A follow-up experiment by Pohl et al. in August 2016 used a deuterium atom to create muonic deuterium and measured the deuteron radius. This experiment allowed the measurements to be 2.7 times more accurate, but also found a discrepancy of 7.5 standard deviations smaller than the expected value.

== Proposed resolutions ==

=== New physics ===
The uncertain nature of the experimental evidence did not stop theorists from attempting to explain the conflicting results. Among the postulated explanations were a three-body force, interactions between gravity and the weak force, or a flavour-dependent interaction, higher dimension gravity, a new boson, and the quasi-free hypothesis.

=== Measurement artefact ===
Randolf Pohl, the original investigator of the puzzle, stated that while it would be "fantastic" if the puzzle led to a discovery, the most likely explanation is not new physics but some measurement artefact.

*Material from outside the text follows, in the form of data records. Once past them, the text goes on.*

(* Assume $v_\circ<v_\bullet$ and fix $v<v_\bullet$. For every $k'\in\mathbb N$ there exist $k_2\ge k'$ and $\rho_0\ge1$ (large enough) such that $p_{k_2}<e^{-\log^{3/2}L_{k_2}}$.
   Context: Fix $q\in(0,1)$, $p_\circ,p_\bullet\in[0,1]$, $v_\circ=2p_\circ-1$, $v_\bullet=2p_\bullet-1$. Under $\mathbb P^\rho$: $\omega$ is a Poisson point process of intensity $\rho\sum_xP_x$ on two-sided paths $w:\mathbb Z\to\mathbb Z$, where $P_x$ is the law of a two-sided lazy simple random walk (steps $-1,0,1$ with probabilities $\frac{1-q}2,q,\frac{1-q}2$) with $w(0)=x$; independently $(U_y)_{y\in\mathbb Z^2}$ are i.i.d. uniform $[0,1]$. $\mathcal T=\{(w(n),n): w\in\omega, n\in\mathbb Z\}$. For $y\in\mathbb Z^2$, $Y^y_0=y$ and $Y^y_{i+1}=Y^y_i+(1,1)$ if ($Y^y_i\in\mathcal T$, $U_{Y^y_i}\le p_\bullet$) or ($Y^y_i\notin\mathcal T$, $U_{Y^y_i}\le p_\circ$), else $Y^y_{i+1}=Y^y_i+(-1,1)$; $X^y$ is the spatial coordinate of $Y^y$. Scales: $L_0=100$, $L_{k+1}=\lfloor L_k^{1/2}\rfloor L_k$. $I_L=([0,L]\times\{0\})\cap\mathbb Z^2$, $I_L(m)=(rL,sL)+I_L$ for $m=(r,s)$. Velocities: $\delta=\frac12(v_\bullet-v)$, $v_1=v_\bullet-\delta$, $v_{k+1}=v_k-\delta\frac{6}{\pi^2}\frac1{k^2}$. Bad events: $A_k(m)=\{\exists (x,n)\in I_{L_k}(m): X^{(x,n)}_{L_k}-x<v_kL_k\}$. Densities: $\rho_0>0$ given, $\rho_{k+1}=(1+L_k^{-1/16})\rho_k$. $p_k=\mathbb P^{\rho_k}(A_k(0))$. *)

theory Defs
  imports "HOL-Probability.Probability"
begin

text \<open>Index set of the independent coordinates of the underlying product probability space.
  Cnt x      : number of paths w of the Poisson process with w(0) = x (Poisson(rho));
  Stp x j i  : i-th increment w(i+1) - w(i) (i an integer) of the j-th such path
               (i.i.d. lazy steps -1,0,1 with probabilities (1-q)/2, q, (1-q)/2);
  Unf x n    : the uniform variable U_(x,n).
  A Poisson point process with intensity rho * sum_x P_x is realised as: independently for
  each x a Poisson(rho) number of i.i.d. P_x-distributed two-sided paths.\<close>
datatype idx = Cnt int | Stp int nat int | Unf int int

definition step_pmf :: "real \<Rightarrow> int pmf" where
  "step_pmf q = pmf_of_list [(-1, (1 - q) / 2), (0, q), (1, (1 - q) / 2)]"

definition coord_measure :: "real \<Rightarrow> real \<Rightarrow> idx \<Rightarrow> real measure" where
  "coord_measure q \<rho> i = (case i of
      Cnt x \<Rightarrow> distr (measure_pmf (poisson_pmf \<rho>)) borel real
    | Stp x j n \<Rightarrow> distr (measure_pmf (step_pmf q)) borel real_of_int
    | Unf x n \<Rightarrow> uniform_measure lborel {0..1})"

definition Prho :: "real \<Rightarrow> real \<Rightarrow> (idx \<Rightarrow> real) measure" where
  "Prho q \<rho> = PiM UNIV (coord_measure q \<rho>)"

definition cnt :: "(idx \<Rightarrow> real) \<Rightarrow> int \<Rightarrow> nat" where
  "cnt \<omega> x = nat \<lfloor>\<omega> (Cnt x)\<rfloor>"

definition stp :: "(idx \<Rightarrow> real) \<Rightarrow> int \<Rightarrow> nat \<Rightarrow> int \<Rightarrow> int" where
  "stp \<omega> x j i = \<lfloor>\<omega> (Stp x j i)\<rfloor>"

definition path :: "(idx \<Rightarrow> real) \<Rightarrow> int \<Rightarrow> nat \<Rightarrow> int \<Rightarrow> int" where
  "path \<omega> x j n = (if 0 \<le> n then x + (\<Sum>i\<in>{0..<n}. stp \<omega> x j i)
                     else x - (\<Sum>i\<in>{n..<0}. stp \<omega> x j i))"

definition trace :: "(idx \<Rightarrow> real) \<Rightarrow> (int \<times> int) set" where
  "trace \<omega> = {(path \<omega> x j n, n) | x j n. j < cnt \<omega> x}"

definition U :: "(idx \<Rightarrow> real) \<Rightarrow> int \<times> int \<Rightarrow> real" where
  "U \<omega> y = \<omega> (Unf (fst y) (snd y))"

fun Y :: "real \<Rightarrow> real \<Rightarrow> (idx \<Rightarrow> real) \<Rightarrow> int \<times> int \<Rightarrow> nat \<Rightarrow> int \<times> int" where
  "Y pc pb \<omega> y 0 = y"
| "Y pc pb \<omega> y (Suc i) =
     (let z = Y pc pb \<omega> y i in
      if (z \<in> trace \<omega> \<and> U \<omega> z \<le> pb) \<or> (z \<notin> trace \<omega> \<and> U \<omega> z \<le> pc)
      then (fst z + 1, snd z + 1) else (fst z - 1, snd z + 1))"

definition X :: "real \<Rightarrow> real \<Rightarrow> (idx \<Rightarrow> real) \<Rightarrow> int \<times> int \<Rightarrow> nat \<Rightarrow> int" where
  "X pc pb \<omega> y i = fst (Y pc pb \<omega> y i)"

fun Lsc :: "nat \<Rightarrow> nat" where
  "Lsc 0 = 100"
| "Lsc (Suc k) = nat \<lfloor>sqrt (real (Lsc k))\<rfloor> * Lsc k"

text \<open>Velocities v_k, k >= 1 (the value at k = 0 is irrelevant and set equal to v_1).\<close>
fun vel :: "real \<Rightarrow> real \<Rightarrow> nat \<Rightarrow> real" where
  "vel vb v 0 = vb - (vb - v) / 2"
| "vel vb v (Suc 0) = vb - (vb - v) / 2"
| "vel vb v (Suc (Suc k)) = vel vb v (Suc k) - ((vb - v) / 2) * (6 / pi^2) * (1 / (real (Suc k))^2)"

fun dens :: "real \<Rightarrow> nat \<Rightarrow> real" where
  "dens \<rho>0 0 = \<rho>0"
| "dens \<rho>0 (Suc k) = (1 + real (Lsc k) powr (-1/16)) * dens \<rho>0 k"

definition Abad :: "real \<Rightarrow> real \<Rightarrow> real \<Rightarrow> real \<Rightarrow> nat \<Rightarrow> (idx \<Rightarrow> real) set" where
  "Abad pc pb vb v k = {\<omega>. \<exists>x::int. 0 \<le> x \<and> x \<le> int (Lsc k) \<and>
       real_of_int (X pc pb \<omega> (x, 0) (Lsc k) - x) < vel vb v k * real (Lsc k)}"

definition pk :: "real \<Rightarrow> real \<Rightarrow> real \<Rightarrow> real \<Rightarrow> real \<Rightarrow> nat \<Rightarrow> real" where
  "pk q pc pb v \<rho>0 k = measure (Prho q (dens \<rho>0 k)) (Abad pc pb (2 * pb - 1) v k)"

end

theory Submission
  imports Defs "HOL-Real_Asymp.Real_Asymp"
begin

text \<open>Fix a scale \<open>L = L\<^sub>k\<close>. If every site of the space-time box
  \<open>[-L, 2L] \<times> [0, L)\<close> lies on the trace of the Poisson cloud, the walk started in \<open>I\<^sub>L\<close> only
  sees occupied sites during its first \<open>L\<close> steps, so its displacement is a sum of \<open>L\<close> independent
  \<open>\<pm>1\<close> steps of mean \<open>v\<^sub>\<bullet> > v\<^sub>k\<close>; a Chernoff bound makes the bad event exponentially unlikely in
  \<open>L\<close>, which beats \<open>exp (- log\<^sup>3\<^sup>/\<^sup>2 L)\<close> once \<open>k\<close> is large. A site \<open>(y, m)\<close> is missed only if
  fewer than \<open>M\<close> paths start at \<open>y\<close>, or each of the first \<open>M\<close> of them moves before time \<open>m\<close>;
  choosing \<open>M\<close> and then \<open>\<rho>\<^sub>0\<close> large makes the union of these events over the box as small as
  needed.\<close>

subsection \<open>The product measure\<close>

lemma sets_coord_measure [simp]: "sets (coord_measure q \<rho> i) = sets borel"
  by (cases i) (auto simp: coord_measure_def)

lemma space_coord_measure [simp]: "space (coord_measure q \<rho> i) = UNIV"
  using sets_eq_imp_space_eq[OF sets_coord_measure] by simp

lemma prob_space_coord_measure: "prob_space (coord_measure q \<rho> i)"
  by (cases i) (auto simp: coord_measure_def intro!: prob_space.prob_space_distr
      prob_space_measure_pmf prob_space_uniform_measure)

lemma product_prob_space_coord_measure: "product_prob_space (coord_measure q \<rho>)"
  unfolding product_prob_space_def product_prob_space_axioms_def product_sigma_finite_def
  using prob_space_coord_measure by (auto intro: prob_space_imp_sigma_finite)

lemma space_Prho [simp]: "space (Prho q \<rho>) = UNIV"
  by (auto simp: Prho_def space_PiM coord_measure_def split: idx.splits)

lemma prob_space_Prho: "prob_space (Prho q \<rho>)"
proof -
  interpret product_prob_space "coord_measure q \<rho>" UNIV
    by (rule product_prob_space_coord_measure)
  show ?thesis unfolding Prho_def by (rule P.prob_space_axioms)
qed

His personal assumption is that past measurements have misgauged the Rydberg constant and that the current official proton size is inaccurate.

=== Quantum chromodynamic calculation ===
In a paper by Belushkin et al. (2007), including different constraints and perturbative quantum chromodynamics, a smaller proton radius than the then-accepted 0.877 femtometres was predicted.

=== Proton radius extrapolation ===
Papers from 2016 suggested that the problem was with the extrapolations that had typically been used to extract the proton radius from the electron scattering data though these explanation would require that there was also a problem with the atomic Lamb shift measurements.

=== Data analysis method ===
In one of the attempts to resolve the puzzle without new physics, Alarcón et al. (2018) of Jefferson Lab have proposed that a different technique to fit the experimental scattering data, in a theoretically as well as analytically justified manner, produces a proton charge radius from the existing electron scattering data that is consistent with the muonic hydrogen measurement. Effectively, this approach attributes the cause of the proton radius puzzle to a failure to use a theoretically motivated function for the extraction of the proton charge radius from the experimental data. Another recent paper has pointed out how a simple, yet theory-motivated change to previous fits will also give the smaller radius.

=== More recent spectroscopic measurements ===
In 2017 a new approach using a cryogenic hydrogen and Doppler-free laser excitation to prepare the source for spectroscopic measurements; this gave results ~5% smaller than the previously accepted spectroscopic values with much smaller statistical errors. This result was close to the 2010 muon spectroscopy result. These authors suggest that the older spectroscopic analysis did not include quantum interference effects that alter the shape of the hydrogen lines.

In 2019, another experiment for the spectroscopy Lamb shift used a variation of Ramsey interferometry that does not require the Rydberg constant to analyze. Its result, 0.833 fm, agreed with the smaller 2010 value once more.

=== More recent electron–proton scattering measurements ===
Also in 2019 W. Xiong et al. reported a similar result using extremely low momentum transfer electron scattering. Their results support the smaller proton charge radius, but do not explain why the results before 2010 came out larger.

=== 2022 analysis ===
A re-analysis of experimental data, published in February 2022, found a result consistent with the smaller value of approximately 0.84 fm.

=== 2026 atomic spectral results ===
High precision measurements of the 2s-6p electronic transition in atomic hydrogen reported in 2026 give a proton radius value of 0.8406(15) fm in excellent agreement with predictions from the standard model.